▶ [Task statement] From first line to last, write out the data precisely as shown.

################

(* Let $\mathbf T$ be a countable homogeneous tournament and $\mathbf T^*$ an expansion of $\mathbf T$ as in the context. If $\mathrm{Age}(\mathbf T^* )$ has the expansion property relative to $\mathrm{Age}(\mathbf T)$, then for every positive integer $n$, $\mathrm{Age}(I_n[\mathbf T]^* )$ has the expansion property relative to $\mathrm{Age}(I_n[\mathbf T])$, where $I_n[\mathbf T]$ is the reduct of $I_n[\mathbf T]^*$ to $\{E\}$.
   Context: The age $\mathrm{Age}(\mathbf F)$ of a structure $\mathbf F$ is the class of finite structures embeddable in $\mathbf F$. Expansion property: let $L\subseteq L^*$ be relational languages, $\mathcal K$ a class of finite $L$-structures and $\mathcal K^*$ a class of finite $L^*$-structures whose $L$-reducts lie in $\mathcal K$. $\mathcal K^*$ has the expansion property relative to $\mathcal K$ if for every $\mathbf A\in\mathcal K$ there is $\mathbf B\in\mathcal K$ such that for all $\mathbf A^*,\mathbf B^*\in\mathcal K^*$ whose $L$-reducts are $\mathbf A$ and $\mathbf B$ respectively, $\mathbf A^*$ embeds into $\mathbf B^*$. A tournament is a directed graph in which every pair of distinct vertices carries exactly one directed edge; it is homogeneous if every isomorphism between finite substructures extends to an automorphism. $\mathbf T=(T,E^{\mathbf T})$ is a countable homogeneous tournament, and $\mathbf T^*$ is an expansion of $\mathbf T$ to a countable relational language $L_{\mathbf T^*}\supseteq\{E,<\}$ in which $<$ is interpreted as a linear order $<^*$ on $T$. For a positive integer $n$, $[n]=\{0,\dots,n-1\}$. The structure $I_n[\mathbf T]^*$ has universe $[n]\times T$ and language $L_{\mathbf T^*}\cup\{P_0,\dots,P_{n-1}\}$ ($P_i$ new unary symbols), interpreted as: for each $m$-ary $R\in L_{\mathbf T^*}\setminus\{<\}$ (including $E$), $R((k_1,x_1),\dots,(k_m,x_m))$ iff $k_1=\dots=k_m$ and $R^{\mathbf T^*}(x_1,\dots,x_m)$; $(i,x)<(j,y)$ iff $i<j$, or $i=j$ and $x<^*y$; and $P_i=\{i\}\times T$. *)

theory Defs
  imports Main "HOL-Library.Countable_Set"
begin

################

▶ [Completed exercise]
(* Let $\mathbf T$ be a countable homogeneous tournament and $\mathbf T^*$ an expansion of $\mathbf T$ as in the context. If $\mathrm{Age}(\mathbf T^* )$ has the expansion property relative to $\mathrm{Age}(\mathbf T)$, then for every positive integer $n$, $\mathrm{Age}(I_n[\mathbf T]^* )$ has the expansion property relative to $\mathrm{Age}(I_n[\mathbf T])$, where $I_n[\mathbf T]$ is the reduct of $I_n[\mathbf T]^*$ to $\{E\}$.
   Context: The age $\mathrm{Age}(\mathbf F)$ of a structure $\mathbf F$ is the class of finite structures embeddable in $\mathbf F$. Expansion property: let $L\subseteq L^*$ be relational languages, $\mathcal K$ a class of finite $L$-structures and $\mathcal K^*$ a class of finite $L^*$-structures whose $L$-reducts lie in $\mathcal K$. $\mathcal K^*$ has the expansion property relative to $\mathcal K$ if for every $\mathbf A\in\mathcal K$ there is $\mathbf B\in\mathcal K$ such that for all $\mathbf A^*,\mathbf B^*\in\mathcal K^*$ whose $L$-reducts are $\mathbf A$ and $\mathbf B$ respectively, $\mathbf A^*$ embeds into $\mathbf B^*$. A tournament is a directed graph in which every pair of distinct vertices carries exactly one directed edge; it is homogeneous if every isomorphism between finite substructures extends to an automorphism. $\mathbf T=(T,E^{\mathbf T})$ is a countable homogeneous tournament, and $\mathbf T^*$ is an expansion of $\mathbf T$ to a countable relational language $L_{\mathbf T^*}\supseteq\{E,<\}$ in which $<$ is interpreted as a linear order $<^*$ on $T$. For a positive integer $n$, $[n]=\{0,\dots,n-1\}$. The structure $I_n[\mathbf T]^*$ has universe $[n]\times T$ and language $L_{\mathbf T^*}\cup\{P_0,\dots,P_{n-1}\}$ ($P_i$ new unary symbols), interpreted as: for each $m$-ary $R\in L_{\mathbf T^*}\setminus\{<\}$ (including $E$), $R((k_1,x_1),\dots,(k_m,x_m))$ iff $k_1=\dots=k_m$ and $R^{\mathbf T^*}(x_1,\dots,x_m)$; $(i,x)<(j,y)$ iff $i<j$, or $i=j$ and $x<^*y$; and $P_i=\{i\}\times T$. *)

theory Defs
  imports Main "HOL-Library.Countable_Set"
begin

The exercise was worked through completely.